Reste l’hypothèse que peut-être que Oreo a pas le choix de couper sur le crémage. Après tout, les temps sont durs, pis on est tous·tes dans le même bâteau, c’est pas facile pour personne, pis la famille Desmarais aussi découpe les coupons rabais dans la circulaire du Super C.
Pour vérifier que Mondelez, la compagnie qui est au top de l’organigramme d’Oreo, était pas sur le bord de la faillite et tentait par tous les moyens possibles de préserver cette marque iconique par des gestes tendres de compromis crémagiers, on a googlé «Mondelez profits 2023». On va être honnêtes : on n’a pas toute toute compris. Avoir su, on aurait écouté dans notre cours d’économie au secondaire, plutôt que de dessiner Fido Dido au liquid paper sur notre cartable Lisa Frank. On est quand même tombé·es sur un article qui dit que le «quarterly net revenue rose to $9.03 billion» dans le third quarter, ce qui beate les «analysts’ average estimate of $8.83 billion», pis ça nous donne le feeling que ça va pas pire, les affaires.
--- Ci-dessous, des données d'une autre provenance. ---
(* Function types have no real_vector instance, so the forms are made a vector space through
   the locale; addition and zero are pointwise, from Function_Algebras. *)
definition form_scale :: "real \<Rightarrow> ('a \<Rightarrow> 'b \<Rightarrow> real) \<Rightarrow> 'a \<Rightarrow> 'b \<Rightarrow> real" where
  "form_scale c b = (\<lambda>x y. c * b x y)"

interpretation form_space: vector_space form_scale
  by unfold_locales (auto simp: form_scale_def fun_eq_iff algebra_simps)

lemma sum_form_scale_apply:
  "(\<Sum>i\<in>A. form_scale (c i) (b i)) x y = (\<Sum>i\<in>A. c i * b i x y)"
  by (simp add: sum_fun_apply form_scale_def)

lemma exists_nonzero_coeff:
  fixes gbar G :: "nat \<Rightarrow> 'a \<Rightarrow> 'b \<Rightarrow> real" and \<Theta> :: "'a \<Rightarrow> 'b \<Rightarrow> real"
    and C :: "nat \<Rightarrow> nat \<Rightarrow> real"
  assumes indep: "\<forall>c::nat \<Rightarrow> real. (\<forall>X Y. (\<Sum>\<alpha>=1..r+1. c \<alpha> * gbar \<alpha> X Y) = 0)
                    \<longrightarrow> (\<forall>\<alpha>\<in>{1..r+1}. c \<alpha> = 0)"
    and gbar_eq: "\<forall>\<alpha>\<in>{2..r+1}. \<forall>X Y. gbar \<alpha> X Y =
                    (\<Sum>\<beta>=1..r. C \<beta> \<alpha> * G \<beta> X Y) + C (r+1) \<alpha> * \<Theta> X Y"
    and C_r: "\<forall>\<alpha>\<in>{2..r+1}. C r \<alpha> = 0"
    and \<beta>: "\<beta> \<in> {1..r-1}"
  shows "\<exists>\<alpha>\<in>{2..r+1}. C \<beta> \<alpha> \<noteq> 0"
proof (rule ccontr)
  assume C_\<beta>: "\<not> (\<exists>\<alpha>\<in>{2..r+1}. C \<beta> \<alpha> \<noteq> 0)"
  define H where "H = G(r+1 := \<Theta>)"
  have "card {2..r+1} \<le> card ({1..r+1} - {r, \<beta>})"
  proof (rule form_space.card_le_if_independent_combinations[where G = gbar and H = H and C = C])
    fix c assume c: "(\<Sum>\<alpha>=2..r+1. form_scale (c \<alpha>) (gbar \<alpha>)) = 0"
    have "(\<Sum>\<alpha>=1..r+1. (c(1 := 0)) \<alpha> * gbar \<alpha> X Y) = 0" for X Y
    proof -
      have "(\<Sum>\<alpha>=1..r+1. (c(1 := 0)) \<alpha> * gbar \<alpha> X Y) = (\<Sum>\<alpha>=2..r+1. c \<alpha> * gbar \<alpha> X Y)"
        by (simp add: sum.atLeast_Suc_atMost numeral_2_eq_2)
      also have "\<dots> = 0"
        using fun_cong[OF fun_cong[OF c], of X Y] by (simp only: sum_form_scale_apply zero_fun_apply)
      finally show ?thesis .
    qed
    then have c0: "\<forall>\<alpha>\<in>{1..r+1}. (c(1 := 0)) \<alpha> = 0"
      using indep by blast
    show "\<forall>\<alpha>\<in>{2..r+1}. c \<alpha> = 0"
    proof
      fix \<alpha> assume "\<alpha> \<in> {2..r+1}"
      then have "\<alpha> \<in> {1..r+1}" "\<alpha> \<noteq> 1" by auto
      with c0 show "c \<alpha> = 0" by force
    qed
  next
    fix \<alpha> assume \<alpha>: "\<alpha> \<in> {2..r+1}"
    have combination: "(\<Sum>\<beta>\<in>{1..r+1}. C \<beta> \<alpha> * H \<beta> X Y) = gbar \<alpha> X Y" for X Y
    proof -
      have "(\<Sum>\<beta>=1..r. C \<beta> \<alpha> * H \<beta> X Y) = (\<Sum>\<beta>=1..r. C \<beta> \<alpha> * G \<beta> X Y)"
        by (rule sum.cong) (auto simp: H_def)
      then show ?thesis
        using gbar_eq \<alpha> by (simp add: H_def)
    qed
    show "gbar \<alpha> = (\<Sum>\<beta>\<in>{1..r+1}. form_scale (C \<beta> \<alpha>) (H \<beta>))"
      by (intro ext) (simp only: sum_form_scale_apply combination)
  qed (use C_r C_\<beta> in auto)
  moreover have "card ({1..r+1} - {r, \<beta>}) = r - 1"
    using \<beta> by (subst card_Diff_subset) auto
  ultimately show False using \<beta> by simp
qed
(* Let $\psi\in C^\infty(P)$ be strongly convex and for $s\in\mathbb R$ let $g_s=g_P+s\psi$ with Hessian $H_s$ on $\check P$. Then for each vertex $v$ of $P$ and each $s\in\mathbb R$ there is a positive-definite island of $g_s$ containing $v$; that is, there exists a connected open neighbourhood $U^v_s$ of $v$ in $P$ such that $H_s(x)$ is positive definite for all $x\in U^v_s\cap\check P$.
   Context: Let $P=\{x\in\mathbb R^n:\ell_j(x)=\langle\nu_j,x\rangle+\lambda_j\ge0,\ j=1,\dots,r\}$ be a Delzant polytope (with primitive inward normals $\nu_j$) with interior $\check P$, and $g_P=\frac12\sum_{j=1}^r\ell_j\log\ell_j$ on $\check P$. Strongly convex means the Hessian of $\psi$ is positive definite on $P$. Positive-definite islands are the connected open regions of $P$ on which $H_s$ is positive definite. *)

theory Defs
  imports "HOL-Analysis.Analysis"
begin

primrec pd :: "'n::finite list \<Rightarrow> (real^'n \<Rightarrow> real) \<Rightarrow> real^'n \<Rightarrow> real" where
  "pd [] f = f"
| "pd (i # is) f = (\<lambda>x. deriv (\<lambda>t. pd is f (x + t *\<^sub>R axis i 1)) 0)"

definition smooth_on :: "(real^'n::finite) set \<Rightarrow> (real^'n \<Rightarrow> real) \<Rightarrow> bool" where
  "smooth_on S f \<longleftrightarrow> open S \<and>
     (\<forall>is. continuous_on S (pd is f) \<and>
       (\<forall>i. \<forall>x\<in>S. (\<lambda>t. pd is f (x + t *\<^sub>R axis i 1)) differentiable (at 0)))"

definition hess :: "(real^'n::finite \<Rightarrow> real) \<Rightarrow> real^'n \<Rightarrow> real^'n^'n" where
  "hess f x = (\<chi> i j. pd [i, j] f x)"

definition pos_def :: "real^'n^'n::finite \<Rightarrow> bool" where
  "pos_def A \<longleftrightarrow> transpose A = A \<and> (\<forall>y. y \<noteq> 0 \<longrightarrow> y \<bullet> (A *v y) > 0)"

definition lfun :: "(nat \<Rightarrow> real^'n::finite) \<Rightarrow> (nat \<Rightarrow> real) \<Rightarrow> nat \<Rightarrow> real^'n \<Rightarrow> real" where
  "lfun nu lam j x = nu j \<bullet> x + lam j"

definition polytope_of :: "(nat \<Rightarrow> real^'n::finite) \<Rightarrow> (nat \<Rightarrow> real) \<Rightarrow> nat \<Rightarrow> (real^'n) set" where
  "polytope_of nu lam r = {x. \<forall>j<r. lfun nu lam j x \<ge> 0}"

definition integral_vec :: "real^'n::finite \<Rightarrow> bool" where
  "integral_vec z \<longleftrightarrow> (\<forall>i. z $ i \<in> \<int>)"

definition primitive_vec :: "real^'n::finite \<Rightarrow> bool" where
  "primitive_vec z \<longleftrightarrow> integral_vec z \<and>
     (\<forall>k::int. k > 0 \<longrightarrow> integral_vec ((1 / of_int k) *\<^sub>R z) \<longrightarrow> k = 1)"

text \<open>Delzant polytope given by r inequalities (one per facet) with primitive inward normals:
  bounded, full-dimensional, each inequality cuts out a distinct facet, and at every
  vertex exactly n facets meet, their normals forming a Z-basis of Z^n.\<close>
definition delzant :: "(nat \<Rightarrow> real^'n::finite) \<Rightarrow> (nat \<Rightarrow> real) \<Rightarrow> nat \<Rightarrow> bool" where
  "delzant nu lam r \<longleftrightarrow>
    (let P = polytope_of nu lam r in
      bounded P \<and> interior P \<noteq> {} \<and>
      (\<forall>j<r. primitive_vec (nu j)) \<and>
      (\<forall>j<r. {x\<in>P. lfun nu lam j x = 0} facet_of P) \<and>
      inj_on (\<lambda>j. {x\<in>P. lfun nu lam j x = 0}) {..<r} \<and>
      (\<forall>v. v extreme_point_of P \<longrightarrow>
         (let J = {j. j < r \<and> lfun nu lam j v = 0} in
            card J = CARD('n) \<and>
            (\<forall>z. integral_vec z \<longrightarrow> (\<exists>c::nat \<Rightarrow> int. z = (\<Sum>j\<in>J. of_int (c j) *\<^sub>R nu j))))))"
Contacté par notre équipe afin de répliquer aux allégations de crossage sur le crémage, le patron de Mondelez a simplement répondu «Qu’ils mangent des Oreo à la brioche à la cannelle!» avant de s’allumer un cigare avec un billet de 10 000$ pis de cracher sa gorgée de Louis XIII Rémy Martin sur un sans-abri.
Pis ceux qui sont en tabarnaque y viendront dire qu’on é arnarque
On est ben ouverts à vos commentaires si vous payez l’cognac gnac gnac
Si vous payeeeeeeeeeeeeeeeeeeeeeeeeeeeeeez l’cognac (à 2600 piasses le verre)
— Dirk Van de Put2 Latraverse
Ça c’est nous, mais avec une loupe pis un accent.
C’est le vrai nom du boss de Mondelez, mais nous on préfère dire «Dirk Van de Travailleuse du sexe», parce que sex work is work.
Pour la science, ça vaudrait la peine de réessayer avec toutes les (bonnes) saveurs. Pour la comparaison, tsé. Aucune autre raison.
(mon copain anglophone dirait que c'est pour manger MOREos.)